Ritchie Duong, a friend who has known Holmes for more than a decade, told the Los Angeles Times that in high school he liked to play cards and video games. They both attended undergraduate school at the University of California, Riverside, where they saw each other once a week to watch the TV show "Lost."
Duong last saw Holmes in December when they met for dinner in Los Angeles and saw a movie together. His friend seemed fine, he told the newspaper. Academics came easily to Holmes both at high school and at the UC Riverside, Duong said.
"I had one college class with him, and he didn`t even have to take notes or anything. He would just show up to class, sit there, and around test time he would always get an `A,`" said Duong, 24.
The pastor for the family of the suspect also recalled a shy boy who was driven to succeed academically.
"He wasn`t an extrovert at all. If there was any conversation, it would be because I initiated it, not because he did," said Jerald Borgie, senior pastor of Penasquitos Lutheran Church. Borgie said he never saw the suspect mingle with others his age at church.

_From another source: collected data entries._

(* Let $h>0$, let $B\subset\mathbb Z^8_h$ be bounded, and let $f:\overline B\to\mathbb O$. Then $$\int_{\partial B}\mathbf n\,f\,dS=\int_B D^hf\,dV^h,\qquad \int_{\partial B}f\,\mathbf n\,dS=\int_B f D^h\,dV^h,$$ where $D^hf=\sum_{l=0}^7\mathbf e_l\,\partial_l^hf$ and $fD^h=\sum_{l=0}^7(\partial_l^hf)\,\mathbf e_l$.
   Context: $\mathbb O$ is the real octonion algebra with standard basis $\mathbf e_0=1,\mathbf e_1,\dots,\mathbf e_7$. For $h>0$, $\mathbb Z^8_h=(h\mathbb Z)^8\subset\mathbb R^8$, and $e_0,\dots,e_7$ denote the standard unit vectors of $\mathbb R^8$. For $A\subset\mathbb Z^8_h$, $\chi_A$ is the indicator function of $A$. Difference operators: $\partial_l^{+,h}f(x)=(f(x+he_l)-f(x))/h$, $\partial_l^{-,h}f(x)=(f(x)-f(x-he_l))/h$, $\partial_l^h=\frac12(\partial_l^{+,h}+\partial_l^{-,h})$. Let $N(x)=\{x,x\pm he_0,\dots,x\pm he_7\}$. For $B\subset\mathbb Z^8_h$: $\partial B=\{x\in\mathbb Z^8_h:\ N(x)\cap B\neq\emptyset,\ N(x)\cap(\mathbb Z^8_h\setminus B)\neq\emptyset\}$, $\overline B=B\cup\partial B$. Volume integral: $\int_A g\,dV^h=\sum_{x\in A}g(x)h^8$. For $x\in\partial B$ put $\Sigma(x)=\sum_{l=0}^7\big[(\partial_l^{+,h}\chi_B(x))^2+(\partial_l^{-,h}\chi_B(x))^2\big]$ (nonzero on $\partial B$), $s(x)=\frac{h^8}{2}\sqrt{\Sigma(x)}$, $n_l^{\pm}(x)=-2\,\partial_l^{\pm,h}\chi_B(x)/\sqrt{\Sigma(x)}$, $\int_{\partial B}g\,dS=\sum_{x\in\partial B}g(x)s(x)$, and the octonionic outward normal is $\mathbf n=\sum_{l=0}^7\frac12(n_l^++n_l^-)\mathbf e_l$. *)

theory Defs
  imports Complex_Main
begin

text \<open>Octonions are represented by their coordinate functions nat => real w.r.t.
 the standard basis e_0 = 1, e_1, ..., e_7 (only coordinates 0..7 are meaningful).
 Multiplication table: the standard Cayley table given by the Fano-plane triples
 (1,2,3),(1,4,5),(1,7,6),(2,4,6),(2,5,7),(3,4,7),(3,6,5): e_i e_j = e_k for (i,j,k)
 a cyclic rotation of a triple, e_j e_i = - e_k, e_i e_i = -1 (i > 0), e_0 = 1.\<close>

type_synonym octonion = "nat \<Rightarrow> real"

definition fano :: "(nat \<times> nat \<times> nat) list" where
  "fano = [(1,2,3),(1,4,5),(1,7,6),(2,4,6),(2,5,7),(3,4,7),(3,6,5)]"

definition fano_rel :: "nat \<Rightarrow> nat \<Rightarrow> nat \<Rightarrow> bool" where
  "fano_rel i j k = (\<exists>(a,b,c)\<in>set fano. (i,j,k) \<in> {(a,b,c),(b,c,a),(c,a,b)})"

definition oct_coeff :: "nat \<Rightarrow> nat \<Rightarrow> nat \<Rightarrow> real" where
  "oct_coeff i j k =
    (if i = 0 then (if j = k then 1 else 0)
     else if j = 0 then (if i = k then 1 else 0)
     else if i = j then (if k = 0 then -1 else 0)
     else if fano_rel i j k then 1
     else if fano_rel j i k then -1
     else 0)"

definition oct_mult :: "octonion \<Rightarrow> octonion \<Rightarrow> octonion" (infixl "\<otimes>\<^sub>O" 70) where
  "x \<otimes>\<^sub>O y = (\<lambda>k. if k < 8 then (\<Sum>i<8. \<Sum>j<8. oct_coeff i j k * x i * y j) else 0)"

definition oct_add :: "octonion \<Rightarrow> octonion \<Rightarrow> octonion" where
  "oct_add x y = (\<lambda>k. x k + y k)"

definition oct_scale :: "real \<Rightarrow> octonion \<Rightarrow> octonion" where
  "oct_scale c x = (\<lambda>k. c * x k)"

definition oct_zero :: octonion where "oct_zero = (\<lambda>k. 0)"

definition oct_sum :: "('a \<Rightarrow> octonion) \<Rightarrow> 'a set \<Rightarrow> octonion" where
  "oct_sum g A = (\<lambda>k. \<Sum>a\<in>A. g a k)"

definition oct_e :: "nat \<Rightarrow> octonion" where
  "oct_e l = (\<lambda>k. if k = l then 1 else 0)"

text \<open>Points of R^8 are represented as functions nat => real vanishing outside 0..7.\<close>
type_synonym point = "nat \<Rightarrow> real"

definition lattice :: "real \<Rightarrow> point set" where
  "lattice h = {x. (\<forall>l<8. \<exists>m::int. x l = h * of_int m) \<and> (\<forall>l\<ge>8. x l = 0)}"

definition shift :: "real \<Rightarrow> point \<Rightarrow> nat \<Rightarrow> real \<Rightarrow> point" where
  "shift h x l s = (\<lambda>k. x k + (if k = l then s * h else 0))"

definition nbhd :: "real \<Rightarrow> point \<Rightarrow> point set" where
  "nbhd h x = insert x ((\<lambda>l. shift h x l 1) ` {..<8} \<union> (\<lambda>l. shift h x l (-1)) ` {..<8})"

definition chi :: "point set \<Rightarrow> point \<Rightarrow> real" where
  "chi A x = (if x \<in> A then 1 else 0)"

definition dplus :: "real \<Rightarrow> (point \<Rightarrow> real) \<Rightarrow> nat \<Rightarrow> point \<Rightarrow> real" where
  "dplus h g l x = (g (shift h x l 1) - g x) / h"

definition dminus :: "real \<Rightarrow> (point \<Rightarrow> real) \<Rightarrow> nat \<Rightarrow> point \<Rightarrow> real" where
  "dminus h g l x = (g x - g (shift h x l (-1))) / h"

definition dcent :: "real \<Rightarrow> (point \<Rightarrow> octonion) \<Rightarrow> nat \<Rightarrow> point \<Rightarrow> octonion" where
  "dcent h f l x = (\<lambda>k. ((f (shift h x l 1) k - f x k) / h + (f x k - f (shift h x l (-1)) k) / h) / 2)"

definition dboundary :: "real \<Rightarrow> point set \<Rightarrow> point set" where
  "dboundary h B = {x \<in> lattice h. nbhd h x \<inter> B \<noteq> {} \<and> nbhd h x \<inter> (lattice h - B) \<noteq> {}}"

definition Sigma_b :: "real \<Rightarrow> point set \<Rightarrow> point \<Rightarrow> real" where
  "Sigma_b h B x = (\<Sum>l<8. (dplus h (chi B) l x)\<^sup>2 + (dminus h (chi B) l x)\<^sup>2)"

definition surf_s :: "real \<Rightarrow> point set \<Rightarrow> point \<Rightarrow> real" where
  "surf_s h B x = h ^ 8 / 2 * sqrt (Sigma_b h B x)"

definition n_plus :: "real \<Rightarrow> point set \<Rightarrow> nat \<Rightarrow> point \<Rightarrow> real" where
  "n_plus h B l x = - 2 * dplus h (chi B) l x / sqrt (Sigma_b h B x)"

definition n_minus :: "real \<Rightarrow> point set \<Rightarrow> nat \<Rightarrow> point \<Rightarrow> real" where
  "n_minus h B l x = - 2 * dminus h (chi B) l x / sqrt (Sigma_b h B x)"

definition onormal :: "real \<Rightarrow> point set \<Rightarrow> point \<Rightarrow> octonion" where
  "onormal h B x = oct_sum (\<lambda>l. oct_scale ((n_plus h B l x + n_minus h B l x) / 2) (oct_e l)) {..<8}"

definition surf_int :: "real \<Rightarrow> point set \<Rightarrow> (point \<Rightarrow> octonion) \<Rightarrow> octonion" where
  "surf_int h B g = oct_sum (\<lambda>x. oct_scale (surf_s h B x) (g x)) (dboundary h B)"

definition vol_int :: "real \<Rightarrow> point set \<Rightarrow> (point \<Rightarrow> octonion) \<Rightarrow> octonion" where
  "vol_int h A g = oct_sum (\<lambda>x. oct_scale (h ^ 8) (g x)) A"

definition Dleft :: "real \<Rightarrow> (point \<Rightarrow> octonion) \<Rightarrow> point \<Rightarrow> octonion" where
  "Dleft h f x = oct_sum (\<lambda>l. oct_e l \<otimes>\<^sub>O dcent h f l x) {..<8}"

definition Dright :: "real \<Rightarrow> (point \<Rightarrow> octonion) \<Rightarrow> point \<Rightarrow> octonion" where
  "Dright h f x = oct_sum (\<lambda>l. dcent h f l x \<otimes>\<^sub>O oct_e l) {..<8}"

end

theory Submission
  imports Defs "HOL-Library.FuncSet"
begin

text \<open>Both identities are discrete summation by parts. The square root in the normal cancels
  against the surface element, so that s(x) n_l(x) = h^7/2 (\<chi>_B(x - h e_l) - \<chi>_B(x + h e_l)).
  Shifting the sum over B by \<plusminus>h e_l turns the volume integral of a central difference into a
  sum over the closure of B weighted by exactly these jumps, and the jumps vanish at points
  of B that are not boundary points. Since the octonion product is bilinear (associativity is
  never used), each coordinate of both identities reduces to this scalar statement applied to
  T_l = (e_l f)_k, respectively T_l = (f e_l)_k.\<close>

lemma shift_shift_inverse [simp]: "shift h (shift h x l s) l (-s) = x"
  by (rule ext) (simp add: shift_def)

lemma shift_in_lattice:
  assumes "x \<in> lattice h" "l < 8" "s = 1 \<or> s = -1"
  shows "shift h x l s \<in> lattice h"
  unfolding lattice_def mem_Collect_eq
proof (intro conjI allI impI)
  fix k :: nat assume "k < 8"
  then obtain m :: int where m: "x k = h * of_int m"
    using assms(1) unfolding lattice_def by blast
  have "shift h x l s k = h * of_int (m + (if k = l then (if s = 1 then 1 else -1) else 0))"
    using m assms(3) by (auto simp: shift_def algebra_simps)
  then show "\<exists>m::int. shift h x l s k = h * of_int m" ..
next
  fix k :: nat assume "8 \<le> k"
  then show "shift h x l s k = 0" using assms unfolding lattice_def shift_def by auto
qed

lemma shift_in_nbhd: "l < 8 \<Longrightarrow> s = 1 \<or> s = -1 \<Longrightarrow> shift h x l s \<in> nbhd h x"
  unfolding nbhd_def by auto

lemma finite_nbhd: "finite (nbhd h x)"
  unfolding nbhd_def by auto

lemma nbhd_sym: "z \<in> nbhd h x \<Longrightarrow> x \<in> nbhd h z"
proof -
  assume "z \<in> nbhd h x"
  then consider "z = x" | l s where "l < 8" "s = 1 \<or> s = -1" "z = shift h x l s"
    unfolding nbhd_def by blast
  then show ?thesis
  proof cases
    case (2 l s)
    then show ?thesis
      using shift_in_nbhd[of l "-s" h z] by (metis minus_minus shift_shift_inverse)
  qed (simp add: nbhd_def)
qed

lemma finite_dboundary: "finite B \<Longrightarrow> finite (dboundary h B)"
proof -
  assume "finite B"
  moreover have "dboundary h B \<subseteq> (\<Union>z\<in>B. nbhd h z)"
    unfolding dboundary_def using nbhd_sym by blast
  ultimately show ?thesis using finite_nbhd by (meson finite_UN_I finite_subset)
qed

lemma lattice_coordinate:
  assumes "h > 0" "x \<in> lattice h" "l < 8"
  shows "x l = h * of_int \<lfloor>x l / h\<rfloor>"
proof -
  obtain m :: int where "x l = h * of_int m" using assms(2,3) unfolding lattice_def by blast
  then show ?thesis using assms(1) by simp
qed

lemma finite_bounded_lattice_subset:
  assumes h: "h > 0" and B: "B \<subseteq> lattice h" and R: "\<forall>x\<in>B. \<forall>l. \<bar>x l\<bar> \<le> R"
  shows "finite B"
proof -
  define N where "N = \<lceil>R / h\<rceil>"
  define code where "code x = restrict (\<lambda>l. \<lfloor>x l / h\<rfloor>) {..<8}" for x :: point
  have "inj_on code B"
  proof (rule inj_onI, rule ext)
    fix x y l assume x: "x \<in> B" and y: "y \<in> B" and eq: "code x = code y"
    show "x l = y l"
    proof (cases "l < 8")
      case True
      then have "\<lfloor>x l / h\<rfloor> = \<lfloor>y l / h\<rfloor>" using fun_cong[OF eq, of l] by (simp add: code_def)
      then show ?thesis using lattice_coordinate[OF h _ True] x y B by (metis subsetD)
    next
      case False
      moreover have "x \<in> lattice h" "y \<in> lattice h" using x y B by auto
      ultimately show ?thesis unfolding lattice_def by simp
    qed
  qed
  moreover have "code ` B \<subseteq> PiE {..<8} (\<lambda>_. {-N..N})"
  proof (clarsimp simp: code_def)
    fix x l assume "x \<in> B" "l < (8::nat)"
    then have "\<bar>x l / h\<bar> \<le> R / h" using R h by (simp add: divide_right_mono)
    then show "- N \<le> \<lfloor>x l / h\<rfloor> \<and> \<lfloor>x l / h\<rfloor> \<le> N"
      unfolding N_def by linarith
  qed
  ultimately show ?thesis by (rule inj_on_finite) (simp add: finite_PiE)
qed

lemma sum_shift_eq_sum_closure:
  assumes fin: "finite B" and B: "B \<subseteq> lattice h" and l: "l < 8" and s: "s = 1 \<or> s = -1"
  shows "(\<Sum>x\<in>B. g (shift h x l s)) = (\<Sum>y\<in>B \<union> dboundary h B. chi B (shift h y l (-s)) * g y)"
proof -
  let ?\<sigma> = "\<lambda>x. shift h x l s"
  have image_closure: "?\<sigma> ` B \<subseteq> B \<union> dboundary h B"
  proof clarify
    fix x assume x: "x \<in> B" "?\<sigma> x \<notin> dboundary h B"
    have "shift h (?\<sigma> x) l (-s) \<in> nbhd h (?\<sigma> x)" using s by (intro shift_in_nbhd[OF l]) auto
    then have "x \<in> nbhd h (?\<sigma> x)" by simp
    moreover have "?\<sigma> x \<in> nbhd h (?\<sigma> x)" unfolding nbhd_def by simp
    ultimately show "?\<sigma> x \<in> B"
      using x B shift_in_lattice[OF _ l s] unfolding dboundary_def by blast
  qed
  have preimage: "y \<in> ?\<sigma> ` B \<longleftrightarrow> shift h y l (-s) \<in> B" for y
  proof
    show "shift h y l (-s) \<in> B \<Longrightarrow> y \<in> ?\<sigma> ` B"
      using shift_shift_inverse[of h y l "-s"] by (simp add: rev_image_eqI)
  qed auto
  have "inj_on ?\<sigma> B"
    by (rule inj_onI) (metis shift_shift_inverse)
  then have "(\<Sum>x\<in>B. g (?\<sigma> x)) = sum g ((B \<union> dboundary h B) \<inter> ?\<sigma> ` B)"
    using image_closure by (simp add: sum.reindex Int_absorb1)
  also have "\<dots> = (\<Sum>y\<in>B \<union> dboundary h B. if y \<in> ?\<sigma> ` B then g y else 0)"
    using fin finite_dboundary by (intro sum.inter_restrict) auto
  also have "\<dots> = (\<Sum>y\<in>B \<union> dboundary h B. chi B (shift h y l (-s)) * g y)"
    by (simp add: preimage chi_def if_distrib[of "\<lambda>c. c * _"] cong: if_cong)
  finally show ?thesis .
qed

definition outward_jump :: "real \<Rightarrow> point set \<Rightarrow> nat \<Rightarrow> point \<Rightarrow> real" where
  "outward_jump h B l x = chi B (shift h x l (-1)) - chi B (shift h x l 1)"

lemma outward_jump_interior:
  assumes B: "B \<subseteq> lattice h" and y: "y \<in> B" "y \<notin> dboundary h B" and l: "l < 8"
  shows "outward_jump h B l y = 0"
proof -
  have "y \<in> nbhd h y \<inter> B" using y unfolding nbhd_def by simp
  then have "nbhd h y \<inter> (lattice h - B) = {}" using y B unfolding dboundary_def by blast
  then have "shift h y l s \<in> B" if "s = 1 \<or> s = -1" for s
    using that y B shift_in_nbhd[OF l] shift_in_lattice[OF _ l] by blast
  then show ?thesis by (simp add: outward_jump_def chi_def)
qed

Holmes told the pastor he wanted to attend a University of California school and pursue graduate studies. Borgie, who last spoke with Holmes about six years ago, doesn`t remember the suspect being more specific about his goals.
"He had some goals. He wanted to succeed, he wanted to go out, and he wanted to be the best," Borgie said. "He took pride in his academic abilities. A good student. He didn`t brag about it."
The family has belonged to the church for about 10 years, Borgie said. The suspect`s mother, Arlene, attends services every week and volunteers her time.
During the attack early Friday, the gunman`s semiautomatic assault rifle jammed during the attack at the Aurora movie theater, forcing him to switch to another gun with less firepower, a federal law enforcement official told The Associated Press. That malfunction and weapons switch during the shooting rampage might have saved some lives.
Oates said a 100-round ammunition drum was found in the theater but said he did not know whether it jammed or emptied.
Police have finished collecting evidence from the apartment where the Colorado shooting suspect lived, but residents are still not allowed back into the building because of chemical hazards. Aurora police said Sunday residents can retrieve personal items, but the building remains closed.